Data supplied:
(* Let $(X,f)$ be a dynamical system and let $S\subset X$ be a syndetically scrambled set for $f$ with $f(S)\subset S$ which contains a Cantor set $K$. Suppose that for every nonempty open $U\subset X$ there is $n\in\mathbb N$ with $f^n(K)\subset f^n(U)$. Then $f$ has a dense Mycielski set $T$ with $f(T)\subset T$ which is syndetically scrambled for $f$. Moreover, if $S$ is syndetically $\varepsilon$-scrambled, then so is $T$.
   Context: Dynamical system: compact metric space $X$ with metric $d$ and continuous $f$. Syndetic: subset of $\mathbb N$ meeting every set with arbitrarily long runs of consecutive integers. $\mathrm{Asy}(f)=\{(x,y):d(f^nx,f^ny)\to0\}$, $\mathrm{SProx}(f)=\{(x,y):\{n:d(f^nx,f^ny)<\eta\}$ syndetic for all $\eta>0\}$. A syndetically scrambled set has at least two points and all distinct pairs in $\mathrm{SProx}(f)\setminus\mathrm{Asy}(f)$; syndetically $\varepsilon$-scrambled if also $\limsup_n d(f^nx,f^ny)\ge\varepsilon$ for all distinct pairs. Cantor set: nonempty compact perfect totally disconnected; Mycielski set: countable union of Cantor sets. *)

theory Defs
  imports "HOL-Analysis.Analysis"
begin

definition thick :: "nat set \<Rightarrow> bool" where
  "thick B \<longleftrightarrow> (\<forall>L. \<exists>m. {m..<m+L} \<subseteq> B)"

definition syndetic :: "nat set \<Rightarrow> bool" where
  "syndetic A \<longleftrightarrow> (\<forall>B. thick B \<longrightarrow> A \<inter> B \<noteq> {})"

definition Asy :: "('a::metric_space \<Rightarrow> 'a) \<Rightarrow> ('a \<times> 'a) set" where
  "Asy f = {(x, y). (\<lambda>n. dist ((f ^^ n) x) ((f ^^ n) y)) \<longlonglongrightarrow> 0}"

definition SProx :: "('a::metric_space \<Rightarrow> 'a) \<Rightarrow> ('a \<times> 'a) set" where
  "SProx f = {(x, y). \<forall>\<eta>>0. syndetic {n. dist ((f ^^ n) x) ((f ^^ n) y) < \<eta>}}"

definition synd_scrambled :: "('a::metric_space \<Rightarrow> 'a) \<Rightarrow> 'a set \<Rightarrow> bool" where
  "synd_scrambled f S \<longleftrightarrow> (\<exists>x\<in>S. \<exists>y\<in>S. x \<noteq> y) \<and>
     (\<forall>x\<in>S. \<forall>y\<in>S. x \<noteq> y \<longrightarrow> (x, y) \<in> SProx f - Asy f)"

definition synd_eps_scrambled :: "('a::metric_space \<Rightarrow> 'a) \<Rightarrow> real \<Rightarrow> 'a set \<Rightarrow> bool" where
  "synd_eps_scrambled f \<epsilon> S \<longleftrightarrow> synd_scrambled f S \<and>
     (\<forall>x\<in>S. \<forall>y\<in>S. x \<noteq> y \<longrightarrow>
        limsup (\<lambda>n. ereal (dist ((f ^^ n) x) ((f ^^ n) y))) \<ge> ereal \<epsilon>)"

definition totally_disconnected_set :: "'a::topological_space set \<Rightarrow> bool" where
  "totally_disconnected_set K \<longleftrightarrow> (\<forall>C\<subseteq>K. connected C \<longrightarrow> (\<exists>a. C \<subseteq> {a}))"

definition cantor_set :: "'a::metric_space set \<Rightarrow> bool" where
  "cantor_set K \<longleftrightarrow> K \<noteq> {} \<and> compact K \<and> (\<forall>x\<in>K. x islimpt K) \<and> totally_disconnected_set K"

definition mycielski_set :: "'a::metric_space set \<Rightarrow> bool" where
  "mycielski_set T \<longleftrightarrow> (\<exists>\<F>. countable \<F> \<and> (\<forall>C\<in>\<F>. cantor_set C) \<and> T = \<Union>\<F>)"

end

theory Submission
  imports Defs
begin

text \<open>
  The heart of the argument is a Mycielski-type fusion theorem: if \<open>F\<close> is
  compact, \<open>g\<close> is continuous on \<open>F\<close> and \<open>g(F)\<close> has no isolated points, then for
  countably many relations \<open>R k\<close> that are nowhere dense in \<open>g(F) \<times> g(F)\<close> there are
  countably many disjoint Cantor sets in \<open>F\<close> on whose union \<open>g\<close> is injective and no two
  images are \<open>R k\<close>-related.  It is proved by building a binary tree of compact
  ``fat'' pieces (whose images have interior in \<open>g(F)\<close>), refining one level at a time,
  and taking the limit set of the tree, which is a Cantor set.

  For the theorem, fusion is used twice.  With \<open>g = id\<close> on \<open>K\<close> and the relations
  \<open>a = f\<^sup>k b\<close> and \<open>f\<^sup>k a = a\<close> it produces disjoint Cantor sets \<open>Ks i \<subseteq> K\<close> whose union
  meets every orbit at most once.  With \<open>g = f\<^sup>n\<close> it lifts \<open>f\<^sup>n(Ks i)\<close> to a Cantor set
  \<open>CC i\<close> inside the \<open>i\<close>-th ball of a countable base.  The required set is the union of
  the orbits of all \<open>CC i\<close>: it is dense, invariant and Mycielski, and each pair of its
  points eventually follows the orbits of a pair of distinct points of \<open>S\<close>, which
  transfers syndetic scrambledness (and the bound on the upper limit) from \<open>S\<close>.
\<close>

lemma funpow_image_subset: "f ` X \<subseteq> X \<Longrightarrow> (f ^^ n) ` X \<subseteq> X"
  by (induction n) auto

lemma funpow_continuous_on:
  assumes "continuous_on X f" "f ` X \<subseteq> X"
  shows "continuous_on X (f ^^ n)"
proof (induction n)
  case 0 then show ?case by (simp add: continuous_on_id')
next
  case (Suc n)
  have "continuous_on ((f ^^ n) ` X) f"
    using continuous_on_subset[OF assms(1) funpow_image_subset[OF assms(2)]] .
  then show ?case using continuous_on_compose[OF Suc] by simp
qed

lemma funpow_eq_propagate:
  fixes f :: "'a \<Rightarrow> 'a"
  assumes "(f ^^ N) x = (f ^^ N) y" "N \<le> n"
  shows "(f ^^ n) x = (f ^^ n) y"
proof -
  have "f ^^ n = f ^^ (n - N) \<circ> f ^^ N" using assms(2) by (simp add: funpow_add[symmetric])
  then show ?thesis using assms(1) by simp
qed

text \<open>Syndeticity only depends on the tail of a set, since a thick set stays thick
  after removing an initial segment.\<close>
lemma thick_tail: "thick B \<Longrightarrow> thick (B \<inter> {N..})"
  unfolding thick_def
proof
  fix L assume "\<forall>L. \<exists>m. {m..<m+L} \<subseteq> B"
  then obtain m where "{m..<m+(N+L)} \<subseteq> B" by blast
  then have "{m+N..<m+N+L} \<subseteq> B \<inter> {N..}" by auto
  then show "\<exists>m. {m..<m+L} \<subseteq> B \<inter> {N..}" by blast
qed

lemma syndetic_eventually_mono:
  assumes "syndetic A" "\<And>n. n \<ge> N \<Longrightarrow> n \<in> A \<Longrightarrow> n \<in> A'"
  shows "syndetic A'"
  unfolding syndetic_def
proof (intro allI impI)
  fix B assume "thick B"
  then have "A \<inter> (B \<inter> {N..}) \<noteq> {}" using assms(1) thick_tail unfolding syndetic_def by blast
  then show "A' \<inter> B \<noteq> {}" using assms(2) by auto
qed

text \<open>This is how scrambledness passes from \<open>S\<close> to the new set.\<close>
lemma eventually_same_orbits:
  fixes f :: "'a::metric_space \<Rightarrow> 'a"
  assumes pq: "(p, q) \<in> SProx f - Asy f"
    and xp: "\<forall>n\<ge>N. (f ^^ n) x = (f ^^ n) p" and yq: "\<forall>n\<ge>N. (f ^^ n) y = (f ^^ n) q"
  shows "(x, y) \<in> SProx f - Asy f"
    and "limsup (\<lambda>n. ereal (dist ((f ^^ n) x) ((f ^^ n) y)))
       = limsup (\<lambda>n. ereal (dist ((f ^^ n) p) ((f ^^ n) q)))"
proof -
  have eq: "n \<ge> N \<Longrightarrow> dist ((f ^^ n) x) ((f ^^ n) y) = dist ((f ^^ n) p) ((f ^^ n) q)" for n
    using xp yq by simp
  then have ev: "eventually (\<lambda>n. dist ((f ^^ n) x) ((f ^^ n) y) = dist ((f ^^ n) p) ((f ^^ n) q))
      sequentially"
    unfolding eventually_sequentially by blast
  have "(x, y) \<in> SProx f" unfolding SProx_def
  proof clarify
    fix \<eta> :: real assume "\<eta> > 0"
    then have "syndetic {n. dist ((f ^^ n) p) ((f ^^ n) q) < \<eta>}"
      using pq unfolding SProx_def by auto
    then show "syndetic {n. dist ((f ^^ n) x) ((f ^^ n) y) < \<eta>}"
      by (rule syndetic_eventually_mono[where N = N]) (use eq in auto)
  qed
  moreover have "(x, y) \<notin> Asy f"
    using pq tendsto_cong[OF ev] unfolding Asy_def by auto
  ultimately show "(x, y) \<in> SProx f - Asy f" by blast
  show "limsup (\<lambda>n. ereal (dist ((f ^^ n) x) ((f ^^ n) y)))
      = limsup (\<lambda>n. ereal (dist ((f ^^ n) p) ((f ^^ n) q)))"
    by (rule Limsup_eq) (use ev in \<open>rule eventually_mono, simp\<close>)
qed

text \<open>Distinct points of a scrambled set are never asymptotic, so every iterate is
  injective on a scrambled set.\<close>
lemma scrambled_funpow_inj:
  fixes f :: "'a::metric_space \<Rightarrow> 'a"
  assumes "synd_scrambled f S" "x \<in> S" "y \<in> S" "(f ^^ n) x = (f ^^ n) y"
  shows "x = y"
proof (rule ccontr)
  assume "x \<noteq> y"
  then have "(x, y) \<notin> Asy f" using assms unfolding synd_scrambled_def by blast
  moreover have "eventually (\<lambda>m. dist ((f ^^ m) x) ((f ^^ m) y) = 0) sequentially"
    unfolding eventually_sequentially using funpow_eq_propagate[OF assms(4)] by auto
  then have "(\<lambda>m. dist ((f ^^ m) x) ((f ^^ m) y)) \<longlonglongrightarrow> 0" by (rule tendsto_eventually)
  ultimately show False unfolding Asy_def by auto
qed
(* There exists an instance of 2-SCSS-$(2,2)$ in which no optimum solution is general-reverse-compatible.
   Context: The 2-SCSS-$(k_1,k_2)$ problem: given a directed graph $G=(V,E)$ with edge weights $\omega:E\to\mathbb{R}^{\geq 0}$, terminals $s,t$ and integers $k_1,k_2$, find $k_1$ paths $F_1,\dots,F_{k_1}$ from $s$ to $t$ and $k_2$ paths $B_1,\dots,B_{k_2}$ from $t$ to $s$ minimizing $\sum_{e\in E}\omega(e)\phi(e)$ with $\phi(e)=\max\{|\{i: e\in F_i\}|,\ |\{j: e\in B_j\}|\}$. For an $s\leadsto t$ path $F$ and a $t\leadsto s$ path $B$, let $P_1,\dots,P_d$ be the maximal sub-paths shared by $F$ and $B$, with $P_j$ the $j$-th encountered while traversing $F$; $(F,B)$ is path-reverse-compatible if for every $j\in[d]$, $P_j$ is the $(d-j+1)$-th of them encountered while traversing $B$. A solution $(\{F_1,\dots,F_{k_1}\},\{B_1,\dots,B_{k_2}\})$ is general-reverse-compatible if $(F_i,B_j)$ is path-reverse-compatible for all $i\in[k_1]$, $j\in[k_2]$. *)

theory Defs
  imports Complex_Main "HOL-Library.Sublist"
begin

definition is_path :: "('v \<times> 'v) set \<Rightarrow> 'v \<Rightarrow> 'v \<Rightarrow> 'v list \<Rightarrow> bool" where
  "is_path E u v p \<longleftrightarrow> p \<noteq> [] \<and> hd p = u \<and> last p = v \<and> distinct p \<and>
     (\<forall>i. Suc i < length p \<longrightarrow> (p ! i, p ! Suc i) \<in> E)"

definition path_edges :: "'v list \<Rightarrow> ('v \<times> 'v) set" where
  "path_edges p = set (zip p (tl p))"

definition phi :: "'v list list \<Rightarrow> 'v list list \<Rightarrow> ('v \<times> 'v) \<Rightarrow> nat" where
  "phi Fs Bs e = max (length (filter (\<lambda>F. e \<in> path_edges F) Fs))
                     (length (filter (\<lambda>B. e \<in> path_edges B) Bs))"

definition scss_cost :: "('v \<times> 'v) set \<Rightarrow> (('v \<times> 'v) \<Rightarrow> real) \<Rightarrow> 'v list list \<Rightarrow> 'v list list \<Rightarrow> real" where
  "scss_cost E w Fs Bs = (\<Sum>e\<in>E. w e * real (phi Fs Bs e))"

definition scss_feasible :: "('v \<times> 'v) set \<Rightarrow> 'v \<Rightarrow> 'v \<Rightarrow> nat \<Rightarrow> nat \<Rightarrow> 'v list list \<Rightarrow> 'v list list \<Rightarrow> bool" where
  "scss_feasible E s t k1 k2 Fs Bs \<longleftrightarrow>
     length Fs = k1 \<and> length Bs = k2 \<and>
     (\<forall>F\<in>set Fs. is_path E s t F) \<and> (\<forall>B\<in>set Bs. is_path E t s B)"

definition scss_optimal :: "('v \<times> 'v) set \<Rightarrow> (('v \<times> 'v) \<Rightarrow> real) \<Rightarrow> 'v \<Rightarrow> 'v \<Rightarrow> nat \<Rightarrow> nat \<Rightarrow> 'v list list \<Rightarrow> 'v list list \<Rightarrow> bool" where
  "scss_optimal E w s t k1 k2 Fs Bs \<longleftrightarrow> scss_feasible E s t k1 k2 Fs Bs \<and>
     (\<forall>Fs' Bs'. scss_feasible E s t k1 k2 Fs' Bs' \<longrightarrow> scss_cost E w Fs Bs \<le> scss_cost E w Fs' Bs')"

definition shared_subpath :: "'v list \<Rightarrow> 'v list \<Rightarrow> 'v list \<Rightarrow> bool" where
  "shared_subpath F B P \<longleftrightarrow> 2 \<le> length P \<and> sublist P F \<and> sublist P B"

definition max_shared :: "'v list \<Rightarrow> 'v list \<Rightarrow> 'v list set" where
  "max_shared F B = {P. shared_subpath F B P \<and>
      (\<forall>Q. shared_subpath F B Q \<and> sublist P Q \<longrightarrow> Q = P)}"

definition pos_in :: "'v list \<Rightarrow> 'v list \<Rightarrow> nat" where
  "pos_in X P = (LEAST i. take (length P) (drop i X) = P)"

definition enc_rank :: "'v list set \<Rightarrow> 'v list \<Rightarrow> 'v list \<Rightarrow> nat" where
  "enc_rank S X P = card {Q\<in>S. pos_in X Q < pos_in X P} + 1"

definition path_rev_compat :: "'v list \<Rightarrow> 'v list \<Rightarrow> bool" where
  "path_rev_compat F B \<longleftrightarrow>
     (let S = max_shared F B; d = card S in
      \<forall>P\<in>S. enc_rank S B P = d - enc_rank S F P + 1)"

definition general_rev_compat :: "'v list list \<Rightarrow> 'v list list \<Rightarrow> bool" where
  "general_rev_compat Fs Bs \<longleftrightarrow> (\<forall>F\<in>set Fs. \<forall>B\<in>set Bs. path_rev_compat F B)"

end

theory Submission
  imports Defs
begin

text \<open>With s = 0 and t = 1, the only s-t paths of the graph below are F1, F2 and the only
  t-s paths are B1, B2, so there are just sixteen feasible solutions. The weights 10 on (3,6)
  and (3,7) make the optimum 35, attained only by solutions that contain both F1 and B1. These
  two paths share the maximal sub-paths [2,3] and [4,5] and traverse them in the same order.\<close>

lemma is_path_same_ends: "is_path E u u p \<Longrightarrow> p = [u]"
  unfolding is_path_def
  by (metis distinct.simps(2) last_ConsR last_in_set list.collapse)

lemma is_path_ConsE:
  assumes "is_path E u v p" "u \<noteq> v"
  obtains q where "p = u # q" "q \<noteq> []" "(u, hd q) \<in> E" "u \<notin> set q" "is_path E (hd q) v q"
proof -
  from assms obtain q where p: "p = u # q" unfolding is_path_def by (cases p) auto
  have "q \<noteq> []" using assms p unfolding is_path_def by auto
  moreover have "(u, hd q) \<in> E"
    using assms(1) p \<open>q \<noteq> []\<close> unfolding is_path_def
    by (metis Suc_less_eq hd_conv_nth length_Cons length_greater_0_conv nth_Cons_0 nth_Cons_Suc)
  moreover have "is_path E (hd q) v q" using assms(1) p \<open>q \<noteq> []\<close> unfolding is_path_def by auto
  ultimately show thesis using that assms(1) p unfolding is_path_def by auto
qed

lemma is_path_subset:
  assumes "is_path E u v p" "u \<in> V" "E \<subseteq> V \<times> V"
  shows "set p \<subseteq> V"
proof
  fix x assume "x \<in> set p"
  then obtain i where i: "i < length p" "x = p ! i" by (auto simp: in_set_conv_nth)
  show "x \<in> V"
  proof (cases i)
    case 0 then show ?thesis using assms i unfolding is_path_def by (metis hd_conv_nth)
  next
    case (Suc j)
    then have "(p ! j, p ! i) \<in> E" using assms(1) i unfolding is_path_def by auto
    then show ?thesis using assms(3) i by auto
  qed
qed

lemma is_path_length_le_card:
  assumes "is_path E u v p" "u \<in> V" "E \<subseteq> V \<times> V" "finite V"
  shows "length p \<le> card V"
proof -
  have "distinct p" using assms(1) unfolding is_path_def by simp
  then have "length p = card (set p)" by (simp add: distinct_card)
  also have "\<dots> \<le> card V" using card_mono[OF assms(4) is_path_subset[OF assms(1-3)]] .
  finally show ?thesis .
qed

fun simple_paths :: "nat \<Rightarrow> ('a \<times> 'a) list \<Rightarrow> 'a \<Rightarrow> 'a \<Rightarrow> 'a list \<Rightarrow> 'a list list" where
  "simple_paths 0 es u v vis = (if u = v then [[u]] else [])"
| "simple_paths (Suc n) es u v vis = (if u = v then [[u]] else
     concat (map (\<lambda>y. map ((#) u) (simple_paths n es y v (u # vis)))
        (map snd (filter (\<lambda>e. fst e = u \<and> snd e \<notin> set (u # vis)) es))))"

lemma simple_paths_complete:
  "is_path (set es) u v p \<Longrightarrow> set p \<inter> set vis = {} \<Longrightarrow> length p \<le> Suc n \<Longrightarrow>
     p \<in> set (simple_paths n es u v vis)"
proof (induction n arbitrary: u p vis)
  case 0
  then show ?case
    by (cases "u = v") (auto simp: is_path_same_ends elim: is_path_ConsE)
next
  case (Suc n)
  show ?case
  proof (cases "u = v")
    case True then show ?thesis using Suc by (auto simp: is_path_same_ends)
  next
    case False
    with Suc.prems(1) obtain q where
      q: "p = u # q" "q \<noteq> []" "(u, hd q) \<in> set es" "u \<notin> set q" "is_path (set es) (hd q) v q"
      by (rule is_path_ConsE)
    have "hd q \<in> set q" using q(2) by simp
    then have "hd q \<notin> set (u # vis)" using q Suc.prems(2) by (auto simp del: hd_in_set)
    moreover have "q \<in> set (simple_paths n es (hd q) v (u # vis))"
      using Suc.IH[OF q(5)] q Suc.prems by auto
    ultimately show ?thesis using False q(1,3) by (force simp: image_iff)
  qed
qed

lemma length_2_conv: "length xs = 2 \<longleftrightarrow> (\<exists>a b. xs = [a, b])"
  by (cases xs; cases "tl xs"; auto simp: numeral_eq_Suc)

lemma pos_in_eqI:
  "take (length P) (drop k X) = P \<Longrightarrow> (\<forall>i<k. take (length P) (drop i X) \<noteq> P) \<Longrightarrow>
     pos_in X P = k"
  unfolding pos_in_def by (rule Least_equality) (auto simp: not_less[symmetric])

lemma enc_rank_first:
  assumes "pos_in X P < pos_in X Q"
  shows "enc_rank {P, Q} X P = 1"
proof -
  have "{R \<in> {P, Q}. pos_in X R < pos_in X P} = {}" using assms by auto
  then show ?thesis unfolding enc_rank_def by simp
qed

lemma same_order_not_path_rev_compat:
  assumes "max_shared F B = {P, Q}" "P \<noteq> Q"
    and "pos_in F P < pos_in F Q" "pos_in B P < pos_in B Q"
  shows "\<not> path_rev_compat F B"
  using enc_rank_first[OF assms(3)] enc_rank_first[OF assms(4)] assms(1,2)
  unfolding path_rev_compat_def Let_def by simp

definition ex_edges :: "(nat \<times> nat) list" where
  "ex_edges = [(0,2),(2,3),(3,6),(6,4),(4,5),(5,7),(7,1),(1,2),(3,7),(7,4),(5,6),(6,0)]"

definition ex_weight :: "nat \<times> nat \<Rightarrow> real" where
  "ex_weight e = (if e = (3,6) \<or> e = (3,7) then 10 else 1)"

abbreviation "F1 \<equiv> [0,2,3,6,4,5,7,1::nat]"
abbreviation "F2 \<equiv> [0,2,3,7,1::nat]"
abbreviation "B1 \<equiv> [1,2,3,7,4,5,6,0::nat]"
abbreviation "B2 \<equiv> [1,2,3,6,0::nat]"

lemma ex_edges_subset: "set ex_edges \<subseteq> {0..7} \<times> {0..7}"
  by (auto simp: ex_edges_def)

lemma ex_path_length:
  assumes "is_path (set ex_edges) u v p" "u \<in> {0..7}"
  shows "length p \<le> Suc 7"
  using is_path_length_le_card[OF assms ex_edges_subset] by simp

lemma ex_forward_paths:
  assumes p: "is_path (set ex_edges) 0 1 p"
  shows "p = F1 \<or> p = F2"
proof -
  have "p \<in> set (simple_paths 7 ex_edges 0 1 [])"
    using simple_paths_complete[OF p] ex_path_length[OF p] by simp
  then show ?thesis by (simp add: ex_edges_def numeral_eq_Suc; blast)
qed

lemma ex_backward_paths:
  assumes p: "is_path (set ex_edges) 1 0 p"
  shows "p = B1 \<or> p = B2"
proof -
  have "p \<in> set (simple_paths 7 ex_edges 1 0 [])"
    using simple_paths_complete[OF p] ex_path_length[OF p] by simp
  then show ?thesis by (simp add: ex_edges_def numeral_eq_Suc; blast)
qed

lemma ex_paths:
  "is_path (set ex_edges) 0 1 F1" "is_path (set ex_edges) 0 1 F2"
  "is_path (set ex_edges) 1 0 B1" "is_path (set ex_edges) 1 0 B2"
  by (auto simp: is_path_def ex_edges_def less_Suc_eq numeral_eq_Suc)

lemma ex_feasible_iff:
  "scss_feasible (set ex_edges) 0 1 2 2 Fs Bs \<longleftrightarrow>
     Fs \<in> {[F1,F1], [F1,F2], [F2,F1], [F2,F2]} \<and> Bs \<in> {[B1,B1], [B1,B2], [B2,B1], [B2,B2]}"
proof
  assume feasible: "scss_feasible (set ex_edges) 0 1 2 2 Fs Bs"
  then obtain a b c d where Fs: "Fs = [a, b]" and Bs: "Bs = [c, d]"
    unfolding scss_feasible_def length_2_conv by blast
  have "a = F1 \<or> a = F2" "b = F1 \<or> b = F2"
    using feasible ex_forward_paths unfolding Fs scss_feasible_def by simp_all
  moreover have "c = B1 \<or> c = B2" "d = B1 \<or> d = B2"
    using feasible ex_backward_paths unfolding Bs scss_feasible_def by simp_all
  ultimately show
    "Fs \<in> {[F1,F1], [F1,F2], [F2,F1], [F2,F2]} \<and> Bs \<in> {[B1,B1], [B1,B2], [B2,B1], [B2,B2]}"
    unfolding Fs Bs by blast
qed (use ex_paths in \<open>auto simp: scss_feasible_def\<close>)

lemma ex_cost_bound:
  assumes "scss_feasible (set ex_edges) 0 1 2 2 Fs Bs"
  shows "35 \<le> scss_cost (set ex_edges) ex_weight Fs Bs"
    and "scss_cost (set ex_edges) ex_weight Fs Bs \<le> 35 \<Longrightarrow> F1 \<in> set Fs \<and> B1 \<in> set Bs"
  using assms unfolding ex_feasible_iff
  by (auto simp: scss_cost_def phi_def path_edges_def ex_edges_def ex_weight_def)

lemma ex_cost_F1F2_B1B2: "scss_cost (set ex_edges) ex_weight [F1,F2] [B1,B2] = 35"
  by (simp add: scss_cost_def phi_def path_edges_def ex_edges_def ex_weight_def)

lemma ex_optimal: "scss_optimal (set ex_edges) ex_weight 0 1 2 2 [F1,F2] [B1,B2]"
proof (unfold scss_optimal_def, intro conjI allI impI)
  show "scss_feasible (set ex_edges) 0 1 2 2 [F1,F2] [B1,B2]"
    unfolding ex_feasible_iff by simp
  fix Fs Bs assume "scss_feasible (set ex_edges) 0 1 2 2 Fs Bs"
  then show "scss_cost (set ex_edges) ex_weight [F1,F2] [B1,B2] \<le>
      scss_cost (set ex_edges) ex_weight Fs Bs"
    unfolding ex_cost_F1F2_B1B2 by (rule ex_cost_bound(1))
qed

lemma ex_optimal_uses_F1_B1:
  assumes "scss_optimal (set ex_edges) ex_weight 0 1 2 2 Fs Bs"
  shows "F1 \<in> set Fs" "B1 \<in> set Bs"
proof -
  have feasible: "scss_feasible (set ex_edges) 0 1 2 2 Fs Bs"
    using assms unfolding scss_optimal_def by blast
  have "scss_cost (set ex_edges) ex_weight Fs Bs \<le>
      scss_cost (set ex_edges) ex_weight [F1,F2] [B1,B2]"
    using assms ex_optimal unfolding scss_optimal_def by blast
  then show "F1 \<in> set Fs" "B1 \<in> set Bs"
    using ex_cost_bound(2)[OF feasible] unfolding ex_cost_F1F2_B1B2 by blast+
qed

lemma ex_max_shared: "max_shared F1 B1 = {[2,3], [4,5]}"
proof -
  have shared: "shared_subpath F1 B1 P \<longleftrightarrow> P = [2,3] \<or> P = [4,5]" for P
  proof
    assume P: "shared_subpath F1 B1 P"
    then have "P \<in> set (sublists F1)" unfolding shared_subpath_def in_set_sublists by blast
    then have "\<exists>Q\<in>set (sublists F1). P = Q" by blast
    then show "P = [2,3] \<or> P = [4,5]" using P
      by (simp only: sublists.simps prefixes.simps list.map append.simps set_simps bex_simps
          bex_empty, elim disjE) (simp_all add: shared_subpath_def sublist_code)
  qed (auto simp: shared_subpath_def sublist_code)
  show ?thesis unfolding max_shared_def shared by (auto simp: sublist_code)
qed

lemma ex_not_path_rev_compat: "\<not> path_rev_compat F1 B1"
proof (rule same_order_not_path_rev_compat[OF ex_max_shared])
  have "pos_in F1 [2,3] = 1" "pos_in B1 [2,3] = 1"
    by (rule pos_in_eqI; auto simp: less_Suc_eq)+
  moreover have "pos_in F1 [4,5] = 4" "pos_in B1 [4,5] = 4"
    by (rule pos_in_eqI; auto simp: less_Suc_eq numeral_eq_Suc)+
  ultimately show "pos_in F1 [2,3] < pos_in F1 [4,5]" "pos_in B1 [2,3] < pos_in B1 [4,5]"
    by simp_all
qed simp

theorem theorem4:
  shows "\<exists>(V :: nat set) (E :: (nat \<times> nat) set) (w :: (nat \<times> nat) \<Rightarrow> real) s t.
     finite V \<and> E \<subseteq> V \<times> V \<and> s \<in> V \<and> t \<in> V \<and> s \<noteq> t \<and> (\<forall>e\<in>E. 0 \<le> w e) \<and>
     (\<exists>Fs Bs. scss_optimal E w s t 2 2 Fs Bs) \<and>
     (\<forall>Fs Bs. scss_optimal E w s t 2 2 Fs Bs \<longrightarrow> \<not> general_rev_compat Fs Bs)"
proof (intro exI conjI)
  show "finite {0..7::nat}" "set ex_edges \<subseteq> {0..7} \<times> {0..7}"
    using ex_edges_subset by simp_all
  show "(0::nat) \<in> {0..7}" "(1::nat) \<in> {0..7}" "(0::nat) \<noteq> 1" by auto
  show "\<forall>e\<in>set ex_edges. 0 \<le> ex_weight e" by (simp add: ex_weight_def)
  show "scss_optimal (set ex_edges) ex_weight 0 1 2 2 [F1,F2] [B1,B2]" by (rule ex_optimal)
  show "\<forall>Fs Bs. scss_optimal (set ex_edges) ex_weight 0 1 2 2 Fs Bs \<longrightarrow>
      \<not> general_rev_compat Fs Bs"
    using ex_optimal_uses_F1_B1 ex_not_path_rev_compat unfolding general_rev_compat_def by blast
qed

end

Problem description:
Out of the records above, pull the lines that include the word "imports".

Task result:
  imports "HOL-Analysis.Analysis"
  imports Defs
  imports Complex_Main "HOL-Library.Sublist"
  imports Defs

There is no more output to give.